La multiplication des conflits intraétatiques : si les luttes terroristes sont les plus médiatisées, ce ne sont pas les
guerres les plus nombreuses, à la différence des conflits intraétatiques, ou guerres civiles. Ces guerres opposent l’État
a une minorité, qu’elle soit régionale, religieuse ou ethnique (voire les trois à la fois) qui prend les armes pour obtenir
son autonomie ou son indépendance. Ces conflits sont particulièrement meurtriers car ils touchent fortement les
populations civiles, premières victimes du pouvoir central. Ainsi, la Libye, l’Irak ou le Yémen ont été fortement touchés
par des conflits extrêmement difficiles à résoudre. Si Clausewitz voyait la résolution d’un conflit par la victoire ou le
traité de paix, l’absence de reconnaissance mutuelle de l’ennemi entraîne souvent l’enlisement du conflit
intraétatique, renforcé par l’intervention d’acteurs extérieurs.

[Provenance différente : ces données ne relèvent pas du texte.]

text \<open>Each edge is counted in \<open>cond_total\<close> once from each of its endpoints.\<close>
lemma cond_total_eq_twice_upward:
  fixes r :: "'a \<Rightarrow> 'b::linorder"
  assumes "inj_on r V"
  shows "cond_total = 2 * (\<Sum>x\<in>V. \<Sum>y\<in>nbrs E x. if r x < r y then c x y else 0)"
proof -
  define up where "up x y = (if r x < r y then c x y else 0)" for x y
  have "c x y = up x y + up y x" if "x \<in> V" "y \<in> nbrs E x" for x y
  proof -
    have "r x \<noteq> r y" using nbrsD[OF that(2)] inj_onD[OF assms, of x y] by blast
    then show ?thesis using cond_sym[of x y] by (auto simp: up_def)
  qed
  then have "cond_total = (\<Sum>x\<in>V. \<Sum>y\<in>nbrs E x. up x y) + (\<Sum>x\<in>V. \<Sum>y\<in>nbrs E x. up y x)"
    unfolding cond_total_def cond_sum_def by (simp add: sum.distrib[symmetric] cong: sum.cong)
  also have "(\<Sum>x\<in>V. \<Sum>y\<in>nbrs E x. up y x) = (\<Sum>x\<in>V. \<Sum>y\<in>nbrs E x. up x y)"
    by (rule sum_nbrs_swap[symmetric])
  finally show ?thesis by (simp add: up_def)
qed

lemma cond_total_mindeg_le:
  assumes c_def: "c = mindeg_cond E" and ne: "V \<noteq> {}"
  shows "cond_total \<le> 2 * (real (card V) - 1)"
proof -
  obtain r :: "'a \<Rightarrow> nat" where r: "inj_on r V" "\<And>x y. x \<in> V \<Longrightarrow> y \<in> V \<Longrightarrow> r x < r y \<Longrightarrow> deg E x \<le> deg E y"
    using exists_inj_rank_refining[OF finite_V] by blast
  define up where "up x = (\<Sum>y\<in>nbrs E x. if r x < r y then c x y else 0)" for x
  have up_le_1: "up x \<le> 1" if x: "x \<in> V" for x
  proof -
    have "(if r x < r y then c x y else 0) \<le> 1 / real (deg E x)" if y: "y \<in> nbrs E x" for y
      using r(2)[OF x, of y] nbrsD[OF y] by (auto simp: c_def mindeg_cond_def min_def)
    then have "up x \<le> (\<Sum>y\<in>nbrs E x. 1 / real (deg E x))" unfolding up_def by (rule sum_mono)
    also have "\<dots> \<le> 1" by (simp add: deg_def)
    finally show ?thesis .
  qed
  have "Max (r ` V) \<in> r ` V" using finite_V ne by (intro Max_in) auto
  then obtain m where m: "m \<in> V" "r m = Max (r ` V)" by auto
  have "r x \<le> r m" if "x \<in> V" for x using m(2) finite_V that by simp
  then have "up m = 0" unfolding up_def using nbrsD by (intro sum.neutral) (fastforce simp: not_less)
  then have "(\<Sum>x\<in>V. up x) = (\<Sum>x\<in>V - {m}. up x)" using m(1) finite_V by (simp add: sum.remove)
  also have "\<dots> \<le> real (card (V - {m}))" using sum_bounded_above[of "V - {m}" up 1] up_le_1 by simp
  also have "\<dots> = real (card V) - 1" using m(1) finite_V card_gt_0_iff[of V] by (auto simp: of_nat_diff)
  finally show ?thesis using cond_total_eq_twice_upward[OF r(1)] by (simp add: up_def)
qed

end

C. Des conflits marqués par des enjeux à différentes échelles, l’exemple de la Syrie.
La guerre civile en Syrie : lors des printemps arabes de 2011, des manifestations en faveur de la démocratie et des
libertés se multiplient en Syrie. Face à ce mouvement, le dictateur Bachar al-Assad décide d’envoyer l’armée. C’est le
début d’une longue guerre civile qui oppose les forces gouvernementales aux troupes qui rejoignent les insurgés. Dans
un pays marqué par une grande diversité, les oppositions ethniques ont renforcé les tensions comme entre les Kurdes
et les Alaouites. Au total, cette guerre civile oppose le régime des groupes islamistes, dont Daech et des groupes
indépendantistes (armée kurde).

Les acteurs extérieurs au cœur des tensions : Le conflit en Syrie ne peut se comprendre sans prendre en compte le
jeu des puissances et des acteurs régionaux et mondiaux :

- A l’échelle régionale, l’Arabie Saoudite a très vite soutenu les insurgés syriens pour affaiblir un des principaux
alliés de son ennemi ultime, l’Iran qui de son côté, soutient militairement Bachar Al-Assad et envoie des
groupes paramilitaires venus du Liban, le Hezbollah, pour aider le pouvoir central.
- A l’échelle internationale, Bachar Al-Assad peut s’appuyer sur le soutien de la Russie alors que les insurgés ont
eu un soutien timide de la part des Occidentaux, notamment à destination des Kurdes.
- L’arrivée de Daech a achevé de complexifier la guerre en Syrie, amenant Russes et Américains à bombarder le
même ennemi, tout en soutenant des acteurs eux-mêmes en guerre.

Conclusion :

Face à la multiplication des conflits asymétriques et du terrorisme transnational, la théorie de Clausewitz est largement
remise en cause. En effet, les succès militaires n’engendrent pas forcément des succès politiques : si les Occidentaux
ont réussi à détruire l’État Islamique qui s’était mis en place en 2014 en Syrie et en Irak, cela a profité au dictateur
syrien Bachar Al-Assad alors que les Occidentaux ont été frappés en représailles par des attentats, donnant
l’impression d’avoir perdu le conflit. Plus généralement, c’est le concept même de la guerre et de la paix qui est à
remettre en cause. Sans déclaration mais pas sans conséquences, les conflits actuels marquent durablement les
sociétés. Dans les pays occidentaux, le vocabulaire de la guerre est omniprésent, renforçant le sentiment d’un monde
en guerre. Pour autant, le concept de Clausewitz n’est pas mort car les objectifs politiques restent au cœur des enjeux
militaires comme en témoigne la lutte entre les groupes terroristes pour l’hégémonie de la lutte.